Griggs flustered, then turned away from Linder to address the chief judge.
“
Your Honor, the defense rests.”
“One moment, Your Honor,” the lead prosecutor called out. “May we have a finding on the admissibility of the prisoner’s signed confession?”
“It will be admitted into evidence as Exhibit K,” the chief judge replied.
The prosecution team beamed and shook each other’s hands while the judges gathered loose papers and stuffed them into orange file jackets. Linder felt disgusted that the American rule of law had sunk so low, but at the same time he recognized how little moral standing he had to complain about fairness. Over the past seven years, he had helped to send scores of his fellow citizens to courts just like this one, where they had received the same quality of justice. He recognized the irony of his situation and felt a sardonic smile twist his lips.
“All rise,” the chief judge announced, fixing his eyes on Linder. “The court finds the defendant guilty on all counts. Were it not for certain extenuating circumstances, the punishment would have been death by firing squad. But because of the defendant’s prior government service and his voluntary confession, the court sentences the defendant Warren Linder to spend the rest of his life at hard labor in a Corrective Labor Camp north of the sixtieth parallel.”

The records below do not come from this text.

text \<open>By pasting, the domain \<open>X \<times>\<^bsub>X'\<^esub> P\<close> of \<open>q1, q2\<close> is \<open>X \<times>\<^bsub>Y'\<^esub> Y\<close>, hence also the
  pullback \<open>X \<times>\<^bsub>Y\<^esub> R\<close> of \<open>f\<close> along \<open>r2\<close>, where \<open>R\<close> is the kernel pair of \<open>y\<close>.\<close>

lemma pullback_along_kernel_pair:
  assumes P: "is_pullback C y f' p1 p2" and Q: "is_pullback C p2 x q1 q2"
    and R: "is_pullback C y y r1 r2"
    and f: "f \<in> hom C X Y" and x: "x \<in> hom C X X'" and y: "y \<in> hom C Y Y'"
    and f': "f' \<in> hom C X' Y'" and square: "f' \<cdot> x = y \<cdot> f"
  obtains \<rho> where "\<rho> \<in> hom C (Dom C q1) (Dom C r1)" "r1 \<cdot> \<rho> = p1 \<cdot> q1"
    and "is_pullback C r2 f \<rho> q2"
proof -
  have p: "p1 \<in> hom C (Dom C p1) Y" "p2 \<in> hom C (Dom C p1) X'"
    using pullback_proj_homs[OF P y f'] by auto
  have q: "q1 \<in> hom C (Dom C q1) (Dom C p1)" "q2 \<in> hom C (Dom C q1) X"
    using pullback_proj_homs[OF Q p(2) x] by auto
  have outer: "is_pullback C y (y \<cdot> f) (p1 \<cdot> q1) q2"
    using pullback_paste[OF P Q y f' x] square by simp
  have "y \<cdot> (p1 \<cdot> q1) = y \<cdot> (f \<cdot> q2)"
    using pullback_commutes[OF outer] comp_assoc[OF q(2) f y] by simp
  then obtain \<rho> where \<rho>: "\<rho> \<in> hom C (Dom C q1) (Dom C r1)" "r1 \<cdot> \<rho> = p1 \<cdot> q1" "r2 \<cdot> \<rho> = f \<cdot> q2"
    using pullback_lift[OF R y y comp_hom[OF q(1) p(1)] comp_hom[OF q(2) f]] by blast
  have "is_pullback C r2 f \<rho> q2"
    using pullback_cancel[OF R outer y y f _ \<rho>(2,3)] \<rho>(1) comp_hom[OF q(1) p(1)] by (simp add: hom_def)
  then show thesis using that \<rho>(1,2) by blast
qed

lemma sigma_maltsev_jointly_extremally_epic:
  assumes maltsev: "sigma_maltsev C \<Sigma>" and "(f, s) \<in> \<Sigma>"
    and fs: "split_epi C f s X Y" and gt: "split_epi C g t Y' Y" and pb: "is_pullback C g f p1 p2"
  obtains \<sigma> \<tau> where "\<sigma> \<in> hom C Y' (Dom C p1)" "p1 \<cdot> \<sigma> = Idt C Y'" "p2 \<cdot> \<sigma> = s \<cdot> g"
    and "\<tau> \<in> hom C X (Dom C p1)" "p1 \<cdot> \<tau> = t \<cdot> f" "p2 \<cdot> \<tau> = Idt C X"
    and "jointly_extremally_epic C \<sigma> \<tau>"
proof -
  have f: "f \<in> hom C X Y" and s: "s \<in> hom C Y X" and "f \<cdot> s = Idt C Y"
    using fs unfolding split_epi_def by auto
  have g: "g \<in> hom C Y' Y" and t: "t \<in> hom C Y Y'" and "g \<cdot> t = Idt C Y"
    using gt unfolding split_epi_def by auto
  have "g \<cdot> Idt C Y' = f \<cdot> (s \<cdot> g)"
    using comp_id_right[OF g] comp_assoc[OF g s f] \<open>f \<cdot> s = Idt C Y\<close> comp_id_left[OF g] by simp
  then obtain \<sigma> where \<sigma>: "\<sigma> \<in> hom C Y' (Dom C p1)" "p1 \<cdot> \<sigma> = Idt C Y'" "p2 \<cdot> \<sigma> = s \<cdot> g"
    using pullback_lift[OF pb g f id_hom comp_hom[OF g s]] hom_objects[OF g] by blast
  have "g \<cdot> (t \<cdot> f) = f \<cdot> Idt C X"
    using comp_assoc[OF f t g] \<open>g \<cdot> t = Idt C Y\<close> comp_id_left[OF f] comp_id_right[OF f] by simp
  then obtain \<tau> where \<tau>: "\<tau> \<in> hom C X (Dom C p1)" "p1 \<cdot> \<tau> = t \<cdot> f" "p2 \<cdot> \<tau> = Idt C X"
    using pullback_lift[OF pb g f comp_hom[OF f t] id_hom] hom_objects[OF f] by blast
  show thesis
    using that[OF \<sigma> \<tau>] maltsev \<open>(f, s) \<in> \<Sigma>\<close> fs gt pb \<sigma> \<tau> unfolding sigma_maltsev_def by blast
qed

So that was it, Linder thought, breathing rapidly now, his blood rising. Life at hard labor, so they could avoid the unpleasant business of executing a former guardian of the state. Siberian exile. Oblivion.
Linder remained standing until all the court officers filed out of the room. Instead of two guards, there were now four to escort him back to his cell. They didn’t use the hood yet, however, which allowed Linder to see the troll waiting for him on a bench outside the courtroom. The interrogator approached and, for a moment, Linder half expected him to reach out for a handshake.